▶ **Task objective**: The word "shows" occurs in some of the lines below; copy each of those lines.

▶ **Input data**:
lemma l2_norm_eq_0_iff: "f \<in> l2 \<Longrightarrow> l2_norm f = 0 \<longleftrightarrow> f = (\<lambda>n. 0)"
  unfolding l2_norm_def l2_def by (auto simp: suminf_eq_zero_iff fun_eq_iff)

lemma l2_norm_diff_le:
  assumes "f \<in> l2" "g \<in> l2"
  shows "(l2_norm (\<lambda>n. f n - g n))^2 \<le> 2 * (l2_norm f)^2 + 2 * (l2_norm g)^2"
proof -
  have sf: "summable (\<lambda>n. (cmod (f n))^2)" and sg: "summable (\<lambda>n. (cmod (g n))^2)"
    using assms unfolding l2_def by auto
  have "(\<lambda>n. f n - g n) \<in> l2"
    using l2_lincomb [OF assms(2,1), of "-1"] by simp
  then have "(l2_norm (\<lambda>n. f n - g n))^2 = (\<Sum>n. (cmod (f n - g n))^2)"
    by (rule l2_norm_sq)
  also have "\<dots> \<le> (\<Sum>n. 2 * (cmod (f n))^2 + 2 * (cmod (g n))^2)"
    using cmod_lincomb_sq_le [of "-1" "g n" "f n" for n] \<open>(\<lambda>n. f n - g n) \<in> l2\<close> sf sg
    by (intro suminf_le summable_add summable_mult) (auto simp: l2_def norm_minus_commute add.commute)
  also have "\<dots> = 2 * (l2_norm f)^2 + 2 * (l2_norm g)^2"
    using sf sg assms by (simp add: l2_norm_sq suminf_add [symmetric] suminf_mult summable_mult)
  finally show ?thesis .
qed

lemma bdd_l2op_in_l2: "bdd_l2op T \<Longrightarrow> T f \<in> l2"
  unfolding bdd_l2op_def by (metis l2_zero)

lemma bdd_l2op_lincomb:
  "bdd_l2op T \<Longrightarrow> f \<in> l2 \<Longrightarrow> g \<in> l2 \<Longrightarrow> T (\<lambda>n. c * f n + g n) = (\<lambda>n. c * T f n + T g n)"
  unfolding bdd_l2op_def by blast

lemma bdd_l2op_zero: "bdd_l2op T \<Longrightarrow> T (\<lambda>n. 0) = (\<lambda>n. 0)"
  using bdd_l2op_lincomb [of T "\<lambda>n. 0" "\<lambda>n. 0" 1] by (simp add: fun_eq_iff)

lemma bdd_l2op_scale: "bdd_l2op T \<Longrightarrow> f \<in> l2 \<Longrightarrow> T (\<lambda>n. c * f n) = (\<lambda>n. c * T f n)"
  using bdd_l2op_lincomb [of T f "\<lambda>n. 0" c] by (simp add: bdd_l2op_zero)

==

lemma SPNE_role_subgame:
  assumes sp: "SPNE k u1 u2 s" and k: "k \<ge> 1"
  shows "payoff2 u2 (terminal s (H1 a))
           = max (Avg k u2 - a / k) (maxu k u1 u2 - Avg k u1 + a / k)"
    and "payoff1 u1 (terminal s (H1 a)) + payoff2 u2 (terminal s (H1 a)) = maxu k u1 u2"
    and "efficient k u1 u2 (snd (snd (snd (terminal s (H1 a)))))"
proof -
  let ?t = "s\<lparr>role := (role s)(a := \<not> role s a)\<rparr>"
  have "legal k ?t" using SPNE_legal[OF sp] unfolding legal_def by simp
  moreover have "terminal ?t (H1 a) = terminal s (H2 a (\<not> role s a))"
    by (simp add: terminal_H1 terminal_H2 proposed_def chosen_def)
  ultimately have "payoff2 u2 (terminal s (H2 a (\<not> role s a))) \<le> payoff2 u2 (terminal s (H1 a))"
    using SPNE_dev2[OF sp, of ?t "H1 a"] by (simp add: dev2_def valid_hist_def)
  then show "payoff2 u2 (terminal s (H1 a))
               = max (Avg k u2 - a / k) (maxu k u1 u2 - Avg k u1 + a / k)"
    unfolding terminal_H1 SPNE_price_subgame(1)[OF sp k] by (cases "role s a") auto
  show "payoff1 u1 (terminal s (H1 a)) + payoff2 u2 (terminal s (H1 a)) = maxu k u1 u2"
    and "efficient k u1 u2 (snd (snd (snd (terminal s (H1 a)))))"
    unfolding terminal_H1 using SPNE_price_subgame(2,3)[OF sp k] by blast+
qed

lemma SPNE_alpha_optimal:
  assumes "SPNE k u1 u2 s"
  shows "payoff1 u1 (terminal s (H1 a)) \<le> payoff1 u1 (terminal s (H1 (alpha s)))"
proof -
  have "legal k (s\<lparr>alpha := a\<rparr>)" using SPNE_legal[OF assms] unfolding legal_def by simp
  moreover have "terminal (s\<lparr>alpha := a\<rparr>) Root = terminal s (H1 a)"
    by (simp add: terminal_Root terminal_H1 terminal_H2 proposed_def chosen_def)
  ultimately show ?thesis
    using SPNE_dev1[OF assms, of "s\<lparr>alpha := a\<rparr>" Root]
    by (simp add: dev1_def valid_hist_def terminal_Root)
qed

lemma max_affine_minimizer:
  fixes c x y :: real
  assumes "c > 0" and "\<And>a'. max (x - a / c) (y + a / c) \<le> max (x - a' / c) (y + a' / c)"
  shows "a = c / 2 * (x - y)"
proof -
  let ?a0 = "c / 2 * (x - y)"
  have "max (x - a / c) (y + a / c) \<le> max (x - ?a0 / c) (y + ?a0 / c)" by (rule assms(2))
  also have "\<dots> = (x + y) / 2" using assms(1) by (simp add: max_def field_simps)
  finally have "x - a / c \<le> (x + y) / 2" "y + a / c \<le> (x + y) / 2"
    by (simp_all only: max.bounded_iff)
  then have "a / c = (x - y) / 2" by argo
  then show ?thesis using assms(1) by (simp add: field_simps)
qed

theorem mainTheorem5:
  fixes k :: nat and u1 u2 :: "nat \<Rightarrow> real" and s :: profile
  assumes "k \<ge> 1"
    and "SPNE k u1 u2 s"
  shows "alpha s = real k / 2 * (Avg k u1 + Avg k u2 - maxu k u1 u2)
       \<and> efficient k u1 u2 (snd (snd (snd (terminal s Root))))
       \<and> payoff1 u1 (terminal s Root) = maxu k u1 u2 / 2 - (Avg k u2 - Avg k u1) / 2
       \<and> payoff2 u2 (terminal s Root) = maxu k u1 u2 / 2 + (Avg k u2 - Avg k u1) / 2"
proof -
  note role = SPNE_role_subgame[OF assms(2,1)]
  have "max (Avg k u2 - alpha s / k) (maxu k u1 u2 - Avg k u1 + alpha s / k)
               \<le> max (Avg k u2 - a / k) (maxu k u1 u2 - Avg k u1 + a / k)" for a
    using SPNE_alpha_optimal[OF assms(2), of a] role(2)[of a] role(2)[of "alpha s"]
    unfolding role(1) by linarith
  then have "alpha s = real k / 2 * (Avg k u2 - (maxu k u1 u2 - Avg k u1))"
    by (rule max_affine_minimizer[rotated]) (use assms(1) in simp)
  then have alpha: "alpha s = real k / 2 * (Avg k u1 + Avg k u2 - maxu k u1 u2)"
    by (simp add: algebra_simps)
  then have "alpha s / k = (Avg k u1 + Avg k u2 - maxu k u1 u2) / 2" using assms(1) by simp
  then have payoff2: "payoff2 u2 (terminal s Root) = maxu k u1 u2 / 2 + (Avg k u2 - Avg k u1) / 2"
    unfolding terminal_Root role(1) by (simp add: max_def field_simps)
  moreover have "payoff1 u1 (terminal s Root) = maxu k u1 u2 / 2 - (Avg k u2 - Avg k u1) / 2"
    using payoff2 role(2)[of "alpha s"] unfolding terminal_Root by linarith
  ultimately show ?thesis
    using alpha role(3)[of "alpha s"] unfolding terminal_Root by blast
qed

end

▶ **Written response**:
  shows "(l2_norm (\<lambda>n. f n - g n))^2 \<le> 2 * (l2_norm f)^2 + 2 * (l2_norm g)^2"
  shows "payoff2 u2 (terminal s (H1 a))
  shows "payoff1 u1 (terminal s (H1 a)) \<le> payoff1 u1 (terminal s (H1 (alpha s)))"
  shows "a = c / 2 * (x - y)"
  shows "alpha s = real k / 2 * (Avg k u1 + Avg k u2 - maxu k u1 u2)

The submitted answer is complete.